We walked back towards the Bund, as I was hoping to get some shots of it at night later, passing the elegant Astor hotel and the Bayer building, both reminiscent of New York City, and across the Suzhou Creek. From there we proceeded to the north end of the Bund, where there’s a sharp pointed monument and, supposedly a Bund museum underneath. We were led down by a man who seemed a little obsequious, and found that the museum is closed for repairs. He didn’t tell us this, of course; we had to walk all the way around the large circular hallway under the monument looking at cheap Chinese paintings before we found this out. I though the space would be much better used as a replica of the interior of the Enterprise.

We walked back down the Bund and then back into the side streets. Greg showed me a particular roundabout intersection that is surrounded on three sides by arching 30’s style art-deco-style buildings. At least one is a hotel, and we interrupted a wedding photo shoot to get a look at the lobby. Someday I’d like to stay at that hotel, just to see what’s it’s like. I’d bring my fedora and listen to 20’s jazz on the grammaphone while soaking in the porcelain tub with the window open because air conditioning hasn’t been invented yet.

Greg knew of a hostel called Captain’s where the rooftop commanded a nice view of the river and the buildings across from it, so we went up to rest our tired feet and get a drink. Backpacks lined the sofas in the lobby, while Europeans lined the desk. The bar was at the top of the building, with steel tables and a great view of the skyline. Only a few people, all foreigners, were sitting there looking dispassionate and cool, except for a group of excited Spaniards in the corner. The clock tower on one of the Bund buildings chimed out the hour as dusk fell, and I stood on the railing to get shots of the view.

We were chatting over drinks when the whole place was blasted with white light, and I saw that at least two of the buildings across the river are covered with huge TV screens.

Lennet showed up after getting off work, and we chatted and drank some more before setting out up the Bund so I could get some pictures. I didn’t want the traditional shots of the place, as they’re readily available already, but the alleys between the Bund buildings looked facinating at night. Unfortunately, most of them were guarded, so Greg and Lennet would go in first, create a diversion, after which I’d walk in and take advantage of their distraction of the guard to take a few shots. It worked pretty well, I have to say.

We got to the top of the Bund without being arrested, and proceeded around to a park I suspect now was the infamous “No Chinese or Dogs” sign park. We didn’t go in, however, but found an old half-torn-down cathedral next door. It looked like it was once a brilliant building, but now was half rubble. Greg climbed over the wall, which consisted of dangerously loose bricks and half a window, but we were too chicken to follow, as police rode by on motorcycles and Lennet donated his beer can to a passing collector.

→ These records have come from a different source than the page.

(* Let $n\ge 1$ and let $y\in\mathbb{R}^n$ satisfy $y_1\ge y_2\ge\cdots\ge y_n\ge 0$ and $y_1>0$. Define $f:(0,+\infty)\to\mathbb{R}$ by $$f(\lambda)=\sum_{i=1}^n \max\left\{1,\left(y_i/\sqrt{\lambda}\right)^2\right\}.$$ The function $f$ is continuous and strictly decreasing on $(0,y_1^2]$, with $f(\lambda)\to+\infty$ as $\lambda\to 0^+$ and $f(y_1^2)=n$. Let $C\ge\sqrt{n}$, let $\lambda(C)$ be the unique $\lambda\in(0,y_1^2]$ with $f(\lambda)=C^2$, and let $k(C)$ be the maximum index $k$ such that $y_k>\sqrt{\lambda(C)}$. Then $$\min_{q\in\mathcal{Q}}\ \max_{\sigma\in\mathbb{R}^n,\ \|\sigma\|_2\le 1}\ \sum_{i=1}^n\left(\sigma_i\frac{y_i}{q_i}\right)^2=\lambda(C),\qquad \mathcal{Q}=\{q\in\mathbb{R}^n:\ q_i\ge 1\ \forall i,\ \|q\|_2\le C\},$$ and the minimum over $q$ is attained by $$q_k=\begin{cases} y_k/\sqrt{\lambda(C)} & \text{if } k\le k(C),\\ 1 & \text{otherwise.}\end{cases}$$
   Context: Here $\|\cdot\|_2$ is the Euclidean norm. In the paper, $y$ is a vector of nonnegative node "centralities" (e.g. column norms of a matrix $(I-\Lambda)^{-1}D$, or the vector $n^{-1}((I-\Lambda)^{-1}D)'\mathbf{1}$), $q$ is a protection vector and $\sigma$ a vector of shock standard deviations. *)

theory Defs
  imports "HOL-Analysis.Analysis"
begin

text \<open>Vectors in R^n are represented as functions nat => real, indexed by 1..n;
  values outside {1..n} are irrelevant (ignored).\<close>

definition enorm2 :: "nat \<Rightarrow> (nat \<Rightarrow> real) \<Rightarrow> real" where
  "enorm2 n v = sqrt (\<Sum>i=1..n. (v i)\<^sup>2)"

definition fcent :: "nat \<Rightarrow> (nat \<Rightarrow> real) \<Rightarrow> real \<Rightarrow> real" where
  "fcent n y lam = (\<Sum>i=1..n. max 1 ((y i / sqrt lam)\<^sup>2))"

definition protset :: "nat \<Rightarrow> real \<Rightarrow> (nat \<Rightarrow> real) set" where
  "protset n C = {q. (\<forall>i\<in>{1..n}. q i \<ge> 1) \<and> enorm2 n q \<le> C}"

definition objvals :: "nat \<Rightarrow> (nat \<Rightarrow> real) \<Rightarrow> (nat \<Rightarrow> real) \<Rightarrow> real set" where
  "objvals n y q = {(\<Sum>i=1..n. (\<sigma> i * (y i / q i))\<^sup>2) | \<sigma>. enorm2 n \<sigma> \<le> 1}"

end

theory Submission
  imports Defs
begin

text \<open>For fixed \<open>q\<close>, the quantity maximised over the unit ball is a sum
  \<open>\<Sum>\<^sub>i \<sigma>\<^sub>i\<^sup>2 a\<^sub>i\<close> with weights \<open>a\<^sub>i = (y\<^sub>i/q\<^sub>i)\<^sup>2 \<ge> 0\<close>, whose maximum is the largest weight,
  attained at a unit coordinate vector. If some admissible \<open>q\<close> had all weights below
  \<open>\<lambda> = \<lambda>(C)\<close>, then \<open>q\<^sub>i\<^sup>2 \<ge> max 1 (y\<^sub>i\<^sup>2/\<lambda>)\<close> for every \<open>i\<close>, strictly for \<open>i = 1\<close>, so
  \<open>\<parallel>q\<parallel>\<^sup>2 > f(\<lambda>) = C\<^sup>2\<close>. Conversely \<open>q\<^sub>i = max 1 (y\<^sub>i/\<surd>\<lambda>)\<close>, which is the claimed
  minimiser, has \<open>\<parallel>q\<parallel>\<^sup>2 = f(\<lambda>) = C\<^sup>2\<close> and weights \<open>min y\<^sub>i\<^sup>2 \<lambda> \<le> \<lambda>\<close>, with equality at \<open>i = 1\<close>.\<close>

lemma fcent_eq:
  assumes "lam > 0"
  shows "fcent n y lam = (\<Sum>i=1..n. max 1 ((y i)\<^sup>2 / lam))"
  using assms by (simp add: fcent_def power_divide)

By now it was way past dinner time, and we were all hungry, so we walked up to the city hall area in search of a restaurant Greg remembered from years ago. Unfortunately, it wasn’t there any more. “Typical Shanghai,” Greg remarked, though you could say the same of many cities, including Taipei. I bought a green apple-flavored Kirin to drink as we walked. It was delicious.

“You know why we’re down here and you’re on that bus?” Greg shouted at a passing busload of Western tourists, who gaped at him. “It’s because we SPEAK CHINESE and YOU DON’T! Whatever you do, STAY ON THE BUS!” Greg’s a fun drunk.

The city hall area is host to enormous old department stores, and everything is lit up. Photographers lined up to take pictures of the neon streets, but I didn’t join in. I didn’t bring my telephoto lens, for one thing, and it also just seemed like a hackneyed shot.

We continued west and came across another “Yonghe Da Wang” that was just about to close, so we ate there until they closed and then caught a taxi. Unfortunately, the cabbie didn’t know anything about Shanghai, so we caught another, driving past more luxury high-rises on our way back to Zhongshan Park.